= What is needed =
Go through the records below and show every line with the string "shows".

= Collected data =
lemma prox_firmly_nonexpansive:
  fixes F :: "'a::euclidean_space \<Rightarrow> ereal"
  assumes F: "Gamma0 F" and g: "\<gamma> > 0"
  shows "(norm (prox \<gamma> F z - prox \<gamma> F w))\<^sup>2 \<le> (z - w) \<bullet> (prox \<gamma> F z - prox \<gamma> F w)"
proof -
  define p q where "p = prox \<gamma> F z" "q = prox \<gamma> F w"
  have "((1 / \<gamma>) *\<^sub>R (z - p) - (1 / \<gamma>) *\<^sub>R (w - q)) \<bullet> (p - q) \<ge> 0"
    unfolding p_q_def by (rule subdiff_monotone[OF F prox_subgradient[OF F g] prox_subgradient[OF F g]])
  moreover have "(1 / \<gamma>) *\<^sub>R (z - p) - (1 / \<gamma>) *\<^sub>R (w - q) = (1 / \<gamma>) *\<^sub>R ((z - w) - (p - q))"
    by (simp add: algebra_simps)
  ultimately have "(1 / \<gamma>) * (((z - w) - (p - q)) \<bullet> (p - q)) \<ge> 0" by simp
  then have "((z - w) - (p - q)) \<bullet> (p - q) \<ge> 0" using g by (simp add: zero_le_divide_iff)
  then show ?thesis unfolding p_q_def[symmetric] by (simp add: inner_diff_left power2_norm_eq_inner)
qed

lemma prox_nonexpansive:
  fixes F :: "'a::euclidean_space \<Rightarrow> ereal"
  assumes F: "Gamma0 F" and g: "\<gamma> > 0"
  shows "norm (prox \<gamma> F z - prox \<gamma> F w) \<le> norm (z - w)"
proof -
  define d where "d = prox \<gamma> F z - prox \<gamma> F w"
  have "(norm d)\<^sup>2 \<le> (z - w) \<bullet> d" unfolding d_def by (rule prox_firmly_nonexpansive[OF F g])
  also have "\<dots> \<le> norm (z - w) * norm d" by (rule norm_cauchy_schwarz)
  finally have "norm d * norm d \<le> norm (z - w) * norm d" by (simp add: power2_eq_square)
  then show ?thesis unfolding d_def[symmetric]
    by (metis mult_right_le_imp_le norm_ge_zero order_le_less zero_less_norm_iff mult_zero_right)
qed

= Answer to the problem =
  shows "(norm (prox \<gamma> F z - prox \<gamma> F w))\<^sup>2 \<le> (z - w) \<bullet> (prox \<gamma> F z - prox \<gamma> F w)"
  shows "norm (prox \<gamma> F z - prox \<gamma> F w) \<le> norm (z - w)"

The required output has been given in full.